"What nonsense!" she cried. "If you were a coward, you would never have got here at all."
"Is that true?" asked Kit eagerly. "Then do you think the Princess will marry me?"
The girl looked down at him for a moment, with her untidy little head on one side. Then she bent and held out her two hands to him. "I think, perhaps, the Princess will," she said softly. "If you will help me down from this enormous high wall, we will go and ask her."
So Kit lifted her down from the wall, which was quite an easy matter, for it was in reality no higher than he was and the little girl was certainly the lightest weight he had ever held in his arms. "What are you looking for?" he asked, when he had set her on the ground, for she was kneeling down and turning over the dry leaves in a most distressed manner.

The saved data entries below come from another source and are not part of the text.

lemma graded_stable_hyperplane_superset:
  assumes "graded_stable M U" "U \<noteq> UNIV"
  shows "\<exists>H. graded_stable M H \<and> U \<subseteq> H \<and> dim (UNIV :: 'v set) = dim H + 1"
  using assms(1,2)
proof (induction "dim (UNIV :: 'v set) - dim U" arbitrary: U rule: less_induct)
  case less
  show ?case
  proof (cases "dim (UNIV :: 'v set) = dim U + 1")
    case False
    then obtain U' where U': "graded_stable M U'" "U \<subset> U'" "U' \<noteq> UNIV"
      using graded_stable_extend less.prems by blast
    have spans: "span U = U" "span U' = U'"
      using U'(1) less.prems(1) span_eq_iff unfolding graded_stable_def by blast+
    have "dim U < dim U'" by (rule dim_psubset) (unfold spans, rule U'(2))
    moreover have "dim U' \<le> dim (UNIV :: 'v set)" by (rule dim_subset) simp
    ultimately have "dim (UNIV :: 'v set) - dim U' < dim (UNIV :: 'v set) - dim U" by linarith
    then show ?thesis using less.hyps U' by blast
  qed (use less.prems in blast)
qed

end

lemma exists_hyperplane_sub_superalgebra_of_filtration_step:
  assumes S: "sub_superalgebra sc V br S"
    and top: "S + central_filtration j = UNIV" and ne: "S + central_filtration (Suc j) \<noteq> UNIV"
  shows "\<exists>T. sub_superalgebra sc V br T \<and> S \<subseteq> T \<and> dim (UNIV :: 'v set) = dim T + 1"
proof -
  let ?C = central_filtration and ?M = "S + central_filtration (Suc j)"
  have M: "sub_superalgebra sc V br ?M"
    by (rule sub_superalgebra_set_plus_ideal[OF S graded_ideal_central_filtration])
  then have M': "subspace ?M" "\<And>x y. x \<in> ?M \<Longrightarrow> y \<in> ?M \<Longrightarrow> br x y \<in> ?M"
    by (simp_all add: sub_superalgebra_iff)
  have "0 \<in> S" "0 \<in> ?C (Suc j)"
    using S graded_ideal_central_filtration[of "Suc j"]
    by (simp_all add: sub_superalgebra_iff graded_ideal_def subspace_0)
  then have SM: "S \<subseteq> ?M" and CM: "?C (Suc j) \<subseteq> ?M"
    using set_plus_intro[of _ S 0 "?C (Suc j)"] set_plus_intro[of 0 S] by auto
  have acts: "br (br m m') v \<in> ?M" if "m \<in> ?M" "m' \<in> ?M" for m m' v
  proof -
    have "v \<in> S + ?C j" using top by simp
    then obtain s p where v: "v = s + p" "s \<in> S" "p \<in> ?C j" by (rule set_plus_elim)
    have "br (br m m') s \<in> ?M" using M'(2) that SM v(2) by blast
    moreover have "br (br m m') p \<in> ?M"
      using br_derived_central_filtration[OF br_mem_brk_sp v(3)] CM by blast
    ultimately show ?thesis unfolding v(1) br_add_right by (rule subspace_add[OF M'(1)])
  qed
  obtain H where H: "graded_stable ?M H" "?M \<subseteq> H" "dim (UNIV :: 'v set) = dim H + 1"
    using graded_stable_hyperplane_superset[OF M acts graded_stable_self[OF M] ne] by blast
  have "?M + ?C j = UNIV" using top set_plus_mono2[OF SM order_refl] by blast
  moreover have "br p p' \<in> ?M" if "p \<in> ?C j" "p' \<in> ?C j" for p p'
    using br_central_filtration[OF that] CM by blast
  moreover have "graded ?M" using M by (simp add: sub_superalgebra_iff)
  ultimately have "sub_superalgebra sc V br H" using sub_superalgebra_of_graded_stable H(1) by blast
  then show ?thesis using H SM by blast
qed

lemma exists_hyperplane_sub_superalgebra:
  assumes "completely_solvable sc br" "sub_superalgebra sc V br S" "S \<noteq> UNIV"
  shows "\<exists>T. sub_superalgebra sc V br T \<and> S \<subseteq> T \<and> dim (UNIV :: 'v set) = dim T + 1"
proof -
  have "0 \<in> S" using assms(2) by (simp add: sub_superalgebra_iff subspace_0)
  obtain n where "central_filtration n = {0}" using central_filtration_vanishes[OF assms(1)] .
  then have "S + central_filtration n \<noteq> UNIV" using assms(3) by simp
  moreover have "S + central_filtration 0 = UNIV"
    using \<open>0 \<in> S\<close> by (force simp: central_filtration_def set_plus_def)
  ultimately obtain j where "S + central_filtration j = UNIV" "S + central_filtration (Suc j) \<noteq> UNIV"
    using ex_least_nat_less[of "\<lambda>k. S + central_filtration k \<noteq> UNIV" n] by blast
  then show ?thesis by (rule exists_hyperplane_sub_superalgebra_of_filtration_step[OF assms(2)])
qed

end

lemma finite_dimensional_vector_space_of_fin_dim:
  assumes "vector_space sc" "fin_dim sc"
  obtains B where "finite_dimensional_vector_space sc B"
proof -
  interpret vector_space sc by fact
  obtain B0 where B0: "finite B0" "span B0 = UNIV" using assms(2) unfolding fin_dim_def by blast
  obtain B where B: "independent B" "UNIV \<subseteq> span B" using basis_exists[of UNIV] by blast
  then have "finite B" using independent_span_bound[OF B0(1) B(1)] B0(2) by simp
  with B show thesis by (intro that) (unfold_locales, auto)
qed

lemma two_neq_0_of_CHAR_gt_2:
  assumes "CHAR('a::semiring_1) > 2"
  shows "(2::'a) \<noteq> 0"
proof
  assume "(2::'a) = 0"
  then have "CHAR('a) dvd 2" using of_nat_eq_0_iff_char_dvd[of 2, where 'a='a] by simp
  then show False using assms by (simp add: nat_dvd_not_less)
qed

theorem lemma5p1:
  fixes sc :: "'k::field \<Rightarrow> 'v::ab_group_add \<Rightarrow> 'v"
    and V :: "bool \<Rightarrow> 'v set"
    and br :: "'v \<Rightarrow> 'v \<Rightarrow> 'v"
    and S :: "'v set"
  assumes "alg_closed_field TYPE('k)"
    and "CHAR('k) > 2"
    and "lie_superalgebra sc V br"
    and "fin_dim sc"
    and "completely_solvable sc br"
    and "sub_superalgebra sc V br S"
    and "S \<noteq> UNIV"
  shows "\<exists>T. sub_superalgebra sc V br T \<and> S \<subseteq> T \<and>
           vector_space.dim sc (UNIV :: 'v set) = vector_space.dim sc T + 1"
proof -
  have "vector_space sc" using assms(3) unfolding lie_superalgebra_def by (elim conjE)
  then obtain B where "finite_dimensional_vector_space sc B"
    using assms(4) by (rule finite_dimensional_vector_space_of_fin_dim)
  then interpret fd_lie_superalgebra_acf sc B V br
    unfolding fd_lie_superalgebra_acf_def fd_lie_superalgebra_acf_axioms_def
    using fd_lie_superalgebraI[OF assms(3)] assms(1) two_neq_0_of_CHAR_gt_2[OF assms(2)] by blast
  show ?thesis by (rule exists_hyperplane_sub_superalgebra[OF assms(5-7)])
qed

"I am looking for my crown, of course," she said with a pout; "it tumbled off my head just before you came, and I was too frightened to jump all that long way to find it."
"Here it is," said Kit; and he picked up the little glittering crown and set it gently on the top of her beautiful, rumpled hair. Then he started back in surprise. "You are the Princess!" he shouted.
"Of course I am," laughed Princess Winsome, putting her hand in his; "I knew that, all the time! Shall we go home now?"
Kit did not reply immediately, for no one can do two things at once, and it took him quite a long time to kiss the small soft hand that lay in his own big one. And as for going home, when they did start they did not get very far; for it must not be forgotten that they were still in an enchanted forest, and it is easier to get into an enchanted forest than to get out of it again. However, as they had everything in the world to talk about, they would probably have been most annoyed if they had found their way instead of losing it; so they just went on losing it as happily as possible, until they could not walk another step because an immense giant was occupying the whole of the roadway. There he sat, smoking a great pipe that looked like a chimney-pot that wanted sweeping; and when the Princess saw him, she was so frightened that she hid herself behind Kit and peeped under his arm to see what was going to happen.
"Hullo!" said the giant, in a huge voice that made the grass stand on end with fright, just as it does after a hoar-frost; "what's this? You're running away with the Princess!"